◆ **To do**: Work out how many lines of the entries have the word "rule" in them. Respond with that number only.
───── Provided material ─────
text \<open>With \<open>W = 1 - y \<xi>\<close> and \<open>q = 1 - \<xi> + \<xi> exp (-2 \<xi> t) / W\<close>, the margin is
  \<open>W (2 y q + W q')\<close>; its nonnegativity is the bound \<open>W (- q') \<le> 2 y q\<close>.\<close>
definition margin :: "real \<Rightarrow> real \<Rightarrow> real \<Rightarrow> real" where
  "margin t y \<xi> = 2 * y * (1 - \<xi>) * (1 - \<xi> * y) - (1 - \<xi> * y)^2
     + exp (- 2 * \<xi> * t) * (1 - 2 * \<xi> * t * (1 - \<xi> * y) + 2 * \<xi> * y)"

lemma margin_at_one_nonneg:
  fixes t :: real
  shows "0 \<le> margin t (1 - exp (- t)) 1"
proof -
  define a where "a = exp (- t)"
  have "a * (1 + t) \<le> 1"
    using exp_ge_add_one_self[of t] by (simp add: a_def exp_minus field_simps)
  have "exp (- 2 * 1 * t) = a^2"
    by (simp add: a_def power2_eq_square exp_add[symmetric])
  then have "margin t (1 - exp (- t)) 1 = 2 * a^2 * (1 - a * (1 + t))"
    unfolding margin_def a_def[symmetric] by (simp add: power2_eq_square algebra_simps)
  then show ?thesis
    using \<open>a * (1 + t) \<le> 1\<close> by simp
qed

lemma margin_deriv_factor_nonpos:
  fixes \<xi> t y :: real
  assumes "0 \<le> \<xi>" "\<xi> \<le> 1" "t / 2 \<le> y" "y \<le> t"
  shows "2 * y - 4 * t + 4 * \<xi> * t^2 * (1 - \<xi> * y) \<le> 0"
proof (cases "y = 0")
  case False
  then have "0 < y" using assms by simp
  have "4 * (\<xi> * y) * (1 - \<xi> * y) \<le> 1"
    using zero_le_power2[of "2 * \<xi> * y - 1"] by (simp add: power2_eq_square algebra_simps)
  then have "t^2 * (4 * (\<xi> * y) * (1 - \<xi> * y)) \<le> t^2"
    by (simp add: mult_left_le)
  moreover have "(2 * y - t) * (y - t) \<le> 0" "0 \<le> t * y"
    using assms \<open>0 < y\<close> by (auto intro: mult_nonneg_nonpos)
  moreover have "y * (2 * y - 4 * t + 4 * \<xi> * t^2 * (1 - \<xi> * y))
      = (2 * y - t) * (y - t) - t * y + t^2 * (4 * (\<xi> * y) * (1 - \<xi> * y)) - t^2"
    by (simp add: power2_eq_square algebra_simps)
  ultimately have "y * (2 * y - 4 * t + 4 * \<xi> * t^2 * (1 - \<xi> * y)) \<le> 0"
    by linarith
  then show ?thesis
    using \<open>0 < y\<close> by (simp add: mult_le_0_iff)
qed (use assms in simp)

lemma margin_antitone:
  fixes t y x :: real
  assumes "0 \<le> x" "x \<le> 1" "t / 2 \<le> y" "y \<le> t"
  shows "margin t y 1 \<le> margin t y x"
proof (rule deriv_nonpos_imp_antimono[where g = "margin t y" and a = x and b = 1 and
    g' = "\<lambda>\<xi>. - 2 * y^2 * (1 - \<xi>) + exp (- 2 * \<xi> * t) * (2 * y - 4 * t + 4 * \<xi> * t^2 * (1 - \<xi> * y))"])
  fix \<xi> assume "\<xi> \<in> {x..1}"
  then have \<xi>: "0 \<le> \<xi>" "\<xi> \<le> 1" using assms by auto
  show "(margin t y has_real_derivative
      - 2 * y^2 * (1 - \<xi>) + exp (- 2 * \<xi> * t) * (2 * y - 4 * t + 4 * \<xi> * t^2 * (1 - \<xi> * y))) (at \<xi>)"
    unfolding margin_def by (auto intro!: derivative_eq_intros simp: power2_eq_square algebra_simps)
  have "exp (- 2 * \<xi> * t) * (2 * y - 4 * t + 4 * \<xi> * t^2 * (1 - \<xi> * y)) \<le> 0"
    using margin_deriv_factor_nonpos[OF \<xi> assms(3,4)] by (simp add: mult_nonneg_nonpos)
  moreover have "- 2 * y^2 * (1 - \<xi>) \<le> 0" using \<xi> by simp
  ultimately show "- 2 * y^2 * (1 - \<xi>)
      + exp (- 2 * \<xi> * t) * (2 * y - 4 * t + 4 * \<xi> * t^2 * (1 - \<xi> * y)) \<le> 0"
    by linarith
qed (use assms in auto)

lemma margin_mono:
  fixes t x y y' :: real
  assumes "0 \<le> x" "x \<le> 1" "0 \<le> t" "0 \<le> y" "y \<le> y'" "y' < 1"
  shows "margin t y x \<le> margin t y' x"
proof -
  define F where "F = exp (- 2 * x * t)"
  have "x * (2 - x) * (y + y') \<le> 1 * (y + y')"
    using zero_le_power2[of "x - 1"] assms
    by (intro mult_right_mono) (auto simp: power2_eq_square algebra_simps)
  moreover have "0 \<le> x * F * (x * t + 1)"
    using assms by (simp add: F_def)
  ultimately have "0 \<le> (y' - y) * (2 + 2 * x * F * (x * t + 1) - x * (2 - x) * (y + y'))"
    using assms by simp
  also have "\<dots> = margin t y' x - margin t y x"
    unfolding margin_def F_def[symmetric] by (simp add: power2_eq_square algebra_simps)
  finally show ?thesis by simp
qed

lemma margin_nonneg:
  fixes t x y :: real
  assumes "0 \<le> x" "x \<le> 1" "0 \<le> t" "t \<le> 1" "1 - exp (- t) \<le> y" "y < 1"
  shows "0 \<le> margin t y x"
proof -
  note bounds = one_minus_exp_minus_bounds[OF assms(3,4)]
  have "0 \<le> margin t (1 - exp (- t)) 1" by (rule margin_at_one_nonneg)
  also have "\<dots> \<le> margin t (1 - exp (- t)) x"
    using assms bounds by (intro margin_antitone) auto
  also have "\<dots> \<le> margin t y x"
    using assms bounds by (intro margin_mono) auto
  finally show ?thesis .
qed

definition interp :: "real \<Rightarrow> real \<Rightarrow> real \<Rightarrow> real" where
  "interp t y \<xi> = 1 - \<xi> + \<xi> * (exp (- 2 * \<xi> * t) / (1 - y * \<xi>))"

definition interp_deriv :: "real \<Rightarrow> real \<Rightarrow> real \<Rightarrow> real" where
  "interp_deriv t y \<xi> = -1 + exp (- 2 * \<xi> * t) * (1 - 2 * \<xi> * t * (1 - y * \<xi>)) / (1 - y * \<xi>)^2"

lemma has_real_derivative_interp:
  fixes t y \<xi> :: real
  assumes "1 - y * \<xi> \<noteq> 0"
  shows "(interp t y has_real_derivative interp_deriv t y \<xi>) (at \<xi>)"
  unfolding interp_def interp_deriv_def using assms
  by (auto intro!: derivative_eq_intros simp: field_simps power2_eq_square)

lemma interp_pos:
  fixes t y \<xi> :: real
  assumes "0 \<le> \<xi>" "\<xi> \<le> 1" "0 < 1 - y * \<xi>"
  shows "0 < interp t y \<xi>"
proof -
  have "0 < exp (- 2 * \<xi> * t) / (1 - y * \<xi>)" using assms by simp
  then show ?thesis
    using assms unfolding interp_def
    by (cases "\<xi> = 1") (auto intro: add_nonneg_pos add_pos_nonneg)
qed

lemma margin_eq_interp:
  fixes t y \<xi> :: real
  assumes "1 - y * \<xi> \<noteq> 0"
  shows "margin t y \<xi> = (1 - y * \<xi>) * (2 * y * interp t y \<xi> + (1 - y * \<xi>) * interp_deriv t y \<xi>)"
proof -
  define F W where "F = exp (- 2 * \<xi> * t)" and "W = 1 - y * \<xi>"
  have "W * (2 * y * interp t y \<xi> + W * interp_deriv t y \<xi>)
      = 2 * y * (1 - \<xi>) * W + 2 * y * \<xi> * F - W^2 + F * (1 - 2 * \<xi> * t * W)"
    using assms unfolding interp_def interp_deriv_def F_def[symmetric] W_def[symmetric]
    by (simp add: field_simps power2_eq_square)
  moreover have "margin t y \<xi> = 2 * y * (1 - \<xi>) * W - W^2 + F * (1 - 2 * \<xi> * t * W + 2 * \<xi> * y)"
    unfolding margin_def F_def W_def by (simp add: mult.commute)
  ultimately show ?thesis
    unfolding W_def[symmetric] by (simp add: algebra_simps)
qed

lemma interp_le_one_if_deriv_neg:
  fixes t y \<xi> :: real
  assumes "0 \<le> \<xi>" "0 \<le> t" "0 < 1 - y * \<xi>" "interp_deriv t y \<xi> < 0"
  shows "interp t y \<xi> \<le> 1"
proof (rule ccontr)
  define W F s where "W = 1 - y * \<xi>" and "F = exp (- s)" and "s = 2 * \<xi> * t"
  assume "\<not> interp t y \<xi> \<le> 1"
  then have "\<xi> * 1 < \<xi> * (F / W)"
    by (simp add: interp_def W_def F_def s_def)
  then have "W < F"
    using assms(1,3) by (auto simp: W_def mult_less_cancel_left divide_simps split: if_splits)
  have "F * (1 + s) \<le> 1"
    using exp_ge_add_one_self[of s] by (simp add: F_def exp_minus field_simps)
  moreover have "W * (1 + s) \<le> F * (1 + s)"
    using \<open>W < F\<close> assms by (intro mult_right_mono) (auto simp: s_def)
  ultimately have "W \<le> 1 - s * W" by (simp add: algebra_simps)
  then have "W * W \<le> F * (1 - s * W)"
    using \<open>W < F\<close> assms(3) by (intro mult_mono) (auto simp: W_def)
  then have "0 \<le> interp_deriv t y \<xi>"
    using assms(3) by (simp add: interp_deriv_def W_def F_def s_def power2_eq_square divide_simps)
  with assms(4) show False by simp
qed

lemma weighted_log_slope_interp_antitone:
  fixes t x y :: real
  assumes "0 \<le> t" "t \<le> 1" "0 < x" "x \<le> 1" "1 - exp (- t) \<le> y" "y < 1"
  shows "(1 - y) * log_slope (interp t y 1) \<le> (1 - y * x) * log_slope (interp t y x)"
proof -
  have "0 \<le> y"
    using assms(1,5) exp_le_one_iff[of "- t"] by linarith
  have W: "0 < 1 - y * \<xi>" if "\<xi> \<le> 1" for \<xi>
    using mult_left_mono[OF that \<open>0 \<le> y\<close>] assms(6) by simp
  let ?P' = "\<lambda>\<xi>. - y * log_slope (interp t y \<xi>)
    + (1 - y * \<xi>) * (log_slope_deriv (interp t y \<xi>) * interp_deriv t y \<xi>)"
  have "(\<lambda>\<xi>. (1 - y * \<xi>) * log_slope (interp t y \<xi>)) 1
      \<le> (\<lambda>\<xi>. (1 - y * \<xi>) * log_slope (interp t y \<xi>)) x"
  proof (rule deriv_nonpos_imp_antimono[where a = x and b = 1 and g' = ?P'])
    fix \<xi> assume "\<xi> \<in> {x..1}"
    then have \<xi>: "0 \<le> \<xi>" "\<xi> \<le> 1" using assms by auto
    note q_pos = interp_pos[OF \<xi> W[OF \<xi>(2)]]
    have "((\<lambda>\<xi>. log_slope (interp t y \<xi>)) has_real_derivative
        log_slope_deriv (interp t y \<xi>) * interp_deriv t y \<xi>) (at \<xi>)"
      using has_real_derivative_log_slope[OF q_pos] has_real_derivative_interp W[OF \<xi>(2)]
      by (intro DERIV_chain2) auto
    then show "((\<lambda>\<xi>. (1 - y * \<xi>) * log_slope (interp t y \<xi>)) has_real_derivative ?P' \<xi>) (at \<xi>)"
      by (auto intro!: derivative_eq_intros simp: algebra_simps)
    have "0 \<le> (1 - y * \<xi>) * (2 * y * interp t y \<xi> + (1 - y * \<xi>) * interp_deriv t y \<xi>)"
      using margin_nonneg[OF \<xi> assms(1,2,5,6)] margin_eq_interp W[OF \<xi>(2)] by simp
    then have "0 \<le> 2 * y * interp t y \<xi> + (1 - y * \<xi>) * interp_deriv t y \<xi>"
      using W[OF \<xi>(2)] by (simp add: zero_le_mult_iff)
    then have "(1 - y * \<xi>) * - interp_deriv t y \<xi> \<le> 2 * y * interp t y \<xi>"
      by simp
    then show "?P' \<xi> \<le> 0"
      using q_pos W[OF \<xi>(2)] \<open>0 \<le> y\<close> interp_le_one_if_deriv_neg[OF \<xi>(1) assms(1) W[OF \<xi>(2)]]
      by (intro weighted_log_slope_deriv_nonpos) auto
  qed (use assms in auto)
  then show ?thesis by simp
qed

theorem mainTheorem14:
  fixes t x y :: real
  assumes "0 \<le> t" "t \<le> 1" "0 < x" "x \<le> 1" "1 - exp (- t) \<le> y" "y < 1"
  shows "(1 - y * x) * logratio x (exp (- 2 * x * t) / (1 - y * x)) / x
           \<le> (1 - y) * logratio 1 (exp (- 2 * t) / (1 - y))
         \<and> (1 - y * 1) * logratio 1 (exp (- 2 * 1 * t) / (1 - y * 1)) / 1
           = (1 - y) * logratio 1 (exp (- 2 * t) / (1 - y))"
proof -
  have "0 \<le> y"
    using assms(1,5) exp_le_one_iff[of "- t"] by linarith
  then have "0 < 1 - y * x"
    using assms mult_left_le[of x y] by simp
  then have "(1 - y * x) * logratio x (exp (- 2 * x * t) / (1 - y * x)) / x
      = - ((1 - y * x) * log_slope (interp t y x))"
    using assms by (simp add: logratio_eq_log_slope interp_def)
  moreover have "(1 - y) * logratio 1 (exp (- 2 * t) / (1 - y)) = - ((1 - y) * log_slope (interp t y 1))"
    using assms by (simp add: logratio_eq_log_slope interp_def)
  ultimately show ?thesis
    using weighted_log_slope_interp_antitone[OF assms] by simp
qed

end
─────
◆ **Written solution**: 4